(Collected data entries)
------------------------------------------------
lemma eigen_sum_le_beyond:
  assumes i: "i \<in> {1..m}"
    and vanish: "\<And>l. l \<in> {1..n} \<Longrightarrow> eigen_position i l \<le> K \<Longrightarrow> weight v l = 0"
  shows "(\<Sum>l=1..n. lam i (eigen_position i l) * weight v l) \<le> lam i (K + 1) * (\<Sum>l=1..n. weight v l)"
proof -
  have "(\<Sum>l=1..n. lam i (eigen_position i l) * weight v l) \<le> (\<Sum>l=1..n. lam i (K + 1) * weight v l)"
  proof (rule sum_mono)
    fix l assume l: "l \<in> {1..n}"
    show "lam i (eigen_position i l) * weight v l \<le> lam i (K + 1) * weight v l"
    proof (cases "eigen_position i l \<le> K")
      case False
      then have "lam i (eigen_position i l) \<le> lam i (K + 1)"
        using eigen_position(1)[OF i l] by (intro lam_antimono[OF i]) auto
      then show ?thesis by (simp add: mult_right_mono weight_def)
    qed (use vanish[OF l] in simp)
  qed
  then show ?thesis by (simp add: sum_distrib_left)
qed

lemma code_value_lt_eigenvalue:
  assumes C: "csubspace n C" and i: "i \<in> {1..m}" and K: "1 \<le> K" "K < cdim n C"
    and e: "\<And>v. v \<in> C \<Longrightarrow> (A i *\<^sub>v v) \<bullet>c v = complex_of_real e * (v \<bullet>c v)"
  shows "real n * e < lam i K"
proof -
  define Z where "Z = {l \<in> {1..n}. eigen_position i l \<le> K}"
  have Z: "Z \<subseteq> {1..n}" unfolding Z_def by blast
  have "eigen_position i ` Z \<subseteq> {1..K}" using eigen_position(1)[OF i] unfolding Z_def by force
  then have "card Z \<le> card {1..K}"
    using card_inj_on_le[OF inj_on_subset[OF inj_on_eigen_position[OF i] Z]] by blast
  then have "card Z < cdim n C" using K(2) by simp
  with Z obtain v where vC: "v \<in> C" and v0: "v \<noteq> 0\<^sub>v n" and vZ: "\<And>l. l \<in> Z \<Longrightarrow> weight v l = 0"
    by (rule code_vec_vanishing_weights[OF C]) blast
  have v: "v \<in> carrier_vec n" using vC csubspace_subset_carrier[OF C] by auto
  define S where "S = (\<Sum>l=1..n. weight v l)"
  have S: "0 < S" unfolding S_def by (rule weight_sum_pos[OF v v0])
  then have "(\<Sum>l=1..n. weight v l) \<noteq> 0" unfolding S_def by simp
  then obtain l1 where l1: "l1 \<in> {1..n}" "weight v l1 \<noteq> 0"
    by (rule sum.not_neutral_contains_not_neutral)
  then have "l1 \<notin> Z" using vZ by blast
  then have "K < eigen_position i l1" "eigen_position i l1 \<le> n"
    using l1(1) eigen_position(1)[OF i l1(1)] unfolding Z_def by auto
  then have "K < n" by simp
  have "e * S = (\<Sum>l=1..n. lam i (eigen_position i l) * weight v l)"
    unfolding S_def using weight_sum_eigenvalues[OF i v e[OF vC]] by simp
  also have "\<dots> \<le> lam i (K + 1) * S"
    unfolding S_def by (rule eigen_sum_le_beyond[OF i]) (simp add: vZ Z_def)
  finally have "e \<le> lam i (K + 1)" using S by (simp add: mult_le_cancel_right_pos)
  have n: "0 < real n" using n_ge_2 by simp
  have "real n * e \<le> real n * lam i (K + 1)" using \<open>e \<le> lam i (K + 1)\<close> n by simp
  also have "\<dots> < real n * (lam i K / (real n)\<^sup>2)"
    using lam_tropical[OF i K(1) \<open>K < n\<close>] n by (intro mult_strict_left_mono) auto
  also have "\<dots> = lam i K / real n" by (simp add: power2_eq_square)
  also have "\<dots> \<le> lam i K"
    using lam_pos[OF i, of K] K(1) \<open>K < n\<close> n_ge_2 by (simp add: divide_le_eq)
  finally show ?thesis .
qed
------------------------------------------------
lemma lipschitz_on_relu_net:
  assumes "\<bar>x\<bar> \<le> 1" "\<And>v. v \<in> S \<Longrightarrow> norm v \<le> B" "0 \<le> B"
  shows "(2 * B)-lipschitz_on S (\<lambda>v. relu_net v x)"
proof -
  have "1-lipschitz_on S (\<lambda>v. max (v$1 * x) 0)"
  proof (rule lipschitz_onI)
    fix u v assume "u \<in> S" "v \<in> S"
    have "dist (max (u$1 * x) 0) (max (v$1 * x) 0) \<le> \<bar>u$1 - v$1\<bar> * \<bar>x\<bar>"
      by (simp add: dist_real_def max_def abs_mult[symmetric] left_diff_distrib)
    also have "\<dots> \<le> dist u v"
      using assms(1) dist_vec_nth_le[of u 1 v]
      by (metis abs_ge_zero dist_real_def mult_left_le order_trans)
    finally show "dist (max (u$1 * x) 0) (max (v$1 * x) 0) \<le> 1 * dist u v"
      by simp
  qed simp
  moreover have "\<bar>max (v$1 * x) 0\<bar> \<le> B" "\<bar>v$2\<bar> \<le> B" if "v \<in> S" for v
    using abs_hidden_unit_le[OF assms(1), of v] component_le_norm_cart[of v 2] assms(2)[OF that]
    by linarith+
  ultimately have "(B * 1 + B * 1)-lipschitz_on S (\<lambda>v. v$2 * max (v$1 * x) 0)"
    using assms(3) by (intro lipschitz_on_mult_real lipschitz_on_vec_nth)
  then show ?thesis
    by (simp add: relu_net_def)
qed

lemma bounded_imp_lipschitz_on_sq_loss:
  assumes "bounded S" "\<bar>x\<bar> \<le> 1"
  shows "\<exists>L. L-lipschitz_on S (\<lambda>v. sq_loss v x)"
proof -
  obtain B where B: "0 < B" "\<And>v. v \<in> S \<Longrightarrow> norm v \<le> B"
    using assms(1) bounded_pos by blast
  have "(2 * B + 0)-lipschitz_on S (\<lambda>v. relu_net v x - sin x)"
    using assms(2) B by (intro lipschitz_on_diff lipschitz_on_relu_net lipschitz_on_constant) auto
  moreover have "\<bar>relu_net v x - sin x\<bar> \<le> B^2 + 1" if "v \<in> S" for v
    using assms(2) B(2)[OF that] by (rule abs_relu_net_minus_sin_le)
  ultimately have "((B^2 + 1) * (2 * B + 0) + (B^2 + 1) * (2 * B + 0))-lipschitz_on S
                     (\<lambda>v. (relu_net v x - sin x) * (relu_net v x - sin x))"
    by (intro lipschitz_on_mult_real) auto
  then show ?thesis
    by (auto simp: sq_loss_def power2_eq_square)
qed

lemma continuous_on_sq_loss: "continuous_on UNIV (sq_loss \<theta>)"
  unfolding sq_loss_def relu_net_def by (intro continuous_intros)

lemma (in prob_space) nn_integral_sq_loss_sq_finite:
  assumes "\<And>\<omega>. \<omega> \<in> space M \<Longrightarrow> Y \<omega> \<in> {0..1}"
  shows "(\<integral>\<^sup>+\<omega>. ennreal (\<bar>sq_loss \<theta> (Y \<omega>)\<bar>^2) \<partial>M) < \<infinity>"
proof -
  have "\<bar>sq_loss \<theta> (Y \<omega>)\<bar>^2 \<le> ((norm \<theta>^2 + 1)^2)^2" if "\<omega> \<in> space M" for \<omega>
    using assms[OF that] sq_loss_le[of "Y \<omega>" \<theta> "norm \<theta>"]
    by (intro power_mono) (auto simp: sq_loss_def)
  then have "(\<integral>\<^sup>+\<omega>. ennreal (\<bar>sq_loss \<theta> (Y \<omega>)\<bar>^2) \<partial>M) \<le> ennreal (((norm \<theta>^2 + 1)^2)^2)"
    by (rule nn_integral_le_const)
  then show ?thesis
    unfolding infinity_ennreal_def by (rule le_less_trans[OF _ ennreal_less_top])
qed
------------------------------------------------
Your answer should be the lines of the records that include the word "also".

▸ **Response area**:
  also have "\<dots> \<le> lam i (K + 1) * S"
  also have "\<dots> < real n * (lam i K / (real n)\<^sup>2)"
  also have "\<dots> = lam i K / real n" by (simp add: power2_eq_square)
  also have "\<dots> \<le> lam i K"
    also have "\<dots> \<le> dist u v"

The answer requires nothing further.